> _How to complete this task_
In the entries that follow, how many lines contain the word "using"? Answer with the number only.

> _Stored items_
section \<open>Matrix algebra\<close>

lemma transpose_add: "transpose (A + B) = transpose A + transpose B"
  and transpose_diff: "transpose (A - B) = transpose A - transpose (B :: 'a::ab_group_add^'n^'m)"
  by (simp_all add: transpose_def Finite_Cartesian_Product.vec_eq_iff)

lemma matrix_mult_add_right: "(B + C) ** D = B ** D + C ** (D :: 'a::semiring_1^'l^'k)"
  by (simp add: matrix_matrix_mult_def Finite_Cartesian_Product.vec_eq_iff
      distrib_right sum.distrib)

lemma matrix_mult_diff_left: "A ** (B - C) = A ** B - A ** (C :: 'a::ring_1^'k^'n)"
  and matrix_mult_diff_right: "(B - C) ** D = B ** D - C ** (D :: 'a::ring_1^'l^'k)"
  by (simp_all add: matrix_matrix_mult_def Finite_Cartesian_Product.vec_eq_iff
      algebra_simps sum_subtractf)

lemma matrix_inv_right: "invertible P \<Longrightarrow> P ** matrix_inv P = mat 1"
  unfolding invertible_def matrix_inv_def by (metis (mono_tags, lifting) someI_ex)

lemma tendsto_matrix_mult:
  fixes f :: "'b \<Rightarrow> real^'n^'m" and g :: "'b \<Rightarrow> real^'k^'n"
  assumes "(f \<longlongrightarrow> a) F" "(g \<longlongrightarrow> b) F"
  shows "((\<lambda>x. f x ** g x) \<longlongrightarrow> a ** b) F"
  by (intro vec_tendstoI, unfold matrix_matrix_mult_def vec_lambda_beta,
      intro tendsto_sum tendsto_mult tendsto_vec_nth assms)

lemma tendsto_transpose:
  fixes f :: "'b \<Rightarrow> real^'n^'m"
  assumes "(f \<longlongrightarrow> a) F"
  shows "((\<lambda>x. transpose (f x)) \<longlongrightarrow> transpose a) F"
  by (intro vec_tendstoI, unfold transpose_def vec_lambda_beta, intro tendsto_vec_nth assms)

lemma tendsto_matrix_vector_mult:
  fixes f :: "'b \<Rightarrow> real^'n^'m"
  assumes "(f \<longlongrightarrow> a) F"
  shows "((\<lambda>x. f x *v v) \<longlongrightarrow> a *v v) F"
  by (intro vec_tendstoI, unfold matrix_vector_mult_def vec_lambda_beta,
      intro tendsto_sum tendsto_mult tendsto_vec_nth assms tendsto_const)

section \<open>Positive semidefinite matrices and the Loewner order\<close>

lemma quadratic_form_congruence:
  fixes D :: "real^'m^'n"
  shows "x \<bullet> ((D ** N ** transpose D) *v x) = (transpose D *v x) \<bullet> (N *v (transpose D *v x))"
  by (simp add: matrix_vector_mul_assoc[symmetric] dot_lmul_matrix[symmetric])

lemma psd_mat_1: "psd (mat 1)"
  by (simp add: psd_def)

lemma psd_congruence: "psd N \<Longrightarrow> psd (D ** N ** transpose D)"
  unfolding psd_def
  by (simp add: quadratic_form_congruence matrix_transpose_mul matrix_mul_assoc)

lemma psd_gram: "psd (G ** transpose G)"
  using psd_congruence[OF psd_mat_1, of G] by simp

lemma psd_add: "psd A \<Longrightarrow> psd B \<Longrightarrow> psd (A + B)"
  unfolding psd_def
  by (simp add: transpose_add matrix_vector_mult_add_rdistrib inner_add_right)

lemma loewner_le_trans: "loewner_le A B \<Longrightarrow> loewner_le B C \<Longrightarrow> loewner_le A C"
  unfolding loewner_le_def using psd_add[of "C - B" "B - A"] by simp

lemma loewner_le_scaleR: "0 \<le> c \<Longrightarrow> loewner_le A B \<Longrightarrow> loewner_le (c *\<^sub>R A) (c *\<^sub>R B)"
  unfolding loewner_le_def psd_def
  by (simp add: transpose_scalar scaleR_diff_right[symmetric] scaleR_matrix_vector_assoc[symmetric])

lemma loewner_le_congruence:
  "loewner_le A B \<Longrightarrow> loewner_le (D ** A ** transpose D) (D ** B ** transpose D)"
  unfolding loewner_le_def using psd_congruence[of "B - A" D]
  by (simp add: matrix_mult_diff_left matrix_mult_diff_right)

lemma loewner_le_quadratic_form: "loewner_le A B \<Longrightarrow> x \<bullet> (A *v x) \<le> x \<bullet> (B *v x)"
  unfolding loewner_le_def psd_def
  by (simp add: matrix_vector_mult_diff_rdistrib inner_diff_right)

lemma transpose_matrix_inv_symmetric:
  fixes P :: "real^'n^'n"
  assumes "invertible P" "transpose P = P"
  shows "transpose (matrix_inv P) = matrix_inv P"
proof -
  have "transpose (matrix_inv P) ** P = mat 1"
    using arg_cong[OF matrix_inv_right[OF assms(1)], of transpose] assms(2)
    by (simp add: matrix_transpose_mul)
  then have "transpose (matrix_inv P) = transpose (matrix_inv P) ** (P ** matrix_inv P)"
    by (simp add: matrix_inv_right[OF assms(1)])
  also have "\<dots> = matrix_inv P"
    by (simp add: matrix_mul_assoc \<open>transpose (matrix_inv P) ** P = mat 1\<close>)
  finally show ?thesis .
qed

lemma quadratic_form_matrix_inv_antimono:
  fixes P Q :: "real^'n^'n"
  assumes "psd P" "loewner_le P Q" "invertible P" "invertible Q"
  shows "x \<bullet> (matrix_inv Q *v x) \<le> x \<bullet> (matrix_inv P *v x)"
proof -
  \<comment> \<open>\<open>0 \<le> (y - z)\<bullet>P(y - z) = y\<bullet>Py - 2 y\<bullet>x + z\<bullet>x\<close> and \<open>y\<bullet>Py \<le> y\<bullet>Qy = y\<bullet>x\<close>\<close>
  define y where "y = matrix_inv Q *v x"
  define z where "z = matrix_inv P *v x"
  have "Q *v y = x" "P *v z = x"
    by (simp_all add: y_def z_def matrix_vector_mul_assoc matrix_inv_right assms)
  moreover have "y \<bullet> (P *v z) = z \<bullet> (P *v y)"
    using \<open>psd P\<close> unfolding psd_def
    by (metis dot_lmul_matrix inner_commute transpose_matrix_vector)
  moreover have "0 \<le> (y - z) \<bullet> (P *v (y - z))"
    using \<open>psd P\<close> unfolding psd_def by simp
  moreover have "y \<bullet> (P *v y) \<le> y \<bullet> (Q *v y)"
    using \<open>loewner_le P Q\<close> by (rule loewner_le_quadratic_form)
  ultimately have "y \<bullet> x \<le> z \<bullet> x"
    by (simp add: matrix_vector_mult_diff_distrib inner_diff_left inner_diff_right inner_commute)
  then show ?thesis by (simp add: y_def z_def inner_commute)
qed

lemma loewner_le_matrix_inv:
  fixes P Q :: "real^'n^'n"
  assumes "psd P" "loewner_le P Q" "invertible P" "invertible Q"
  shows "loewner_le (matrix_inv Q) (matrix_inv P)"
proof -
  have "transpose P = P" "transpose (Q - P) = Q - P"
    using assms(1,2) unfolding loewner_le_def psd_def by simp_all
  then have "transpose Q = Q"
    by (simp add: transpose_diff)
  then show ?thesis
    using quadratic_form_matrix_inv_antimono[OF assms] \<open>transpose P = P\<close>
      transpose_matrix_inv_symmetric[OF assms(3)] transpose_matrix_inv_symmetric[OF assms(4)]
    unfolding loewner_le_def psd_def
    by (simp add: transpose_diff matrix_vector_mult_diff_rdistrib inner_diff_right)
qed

> _Answer_
9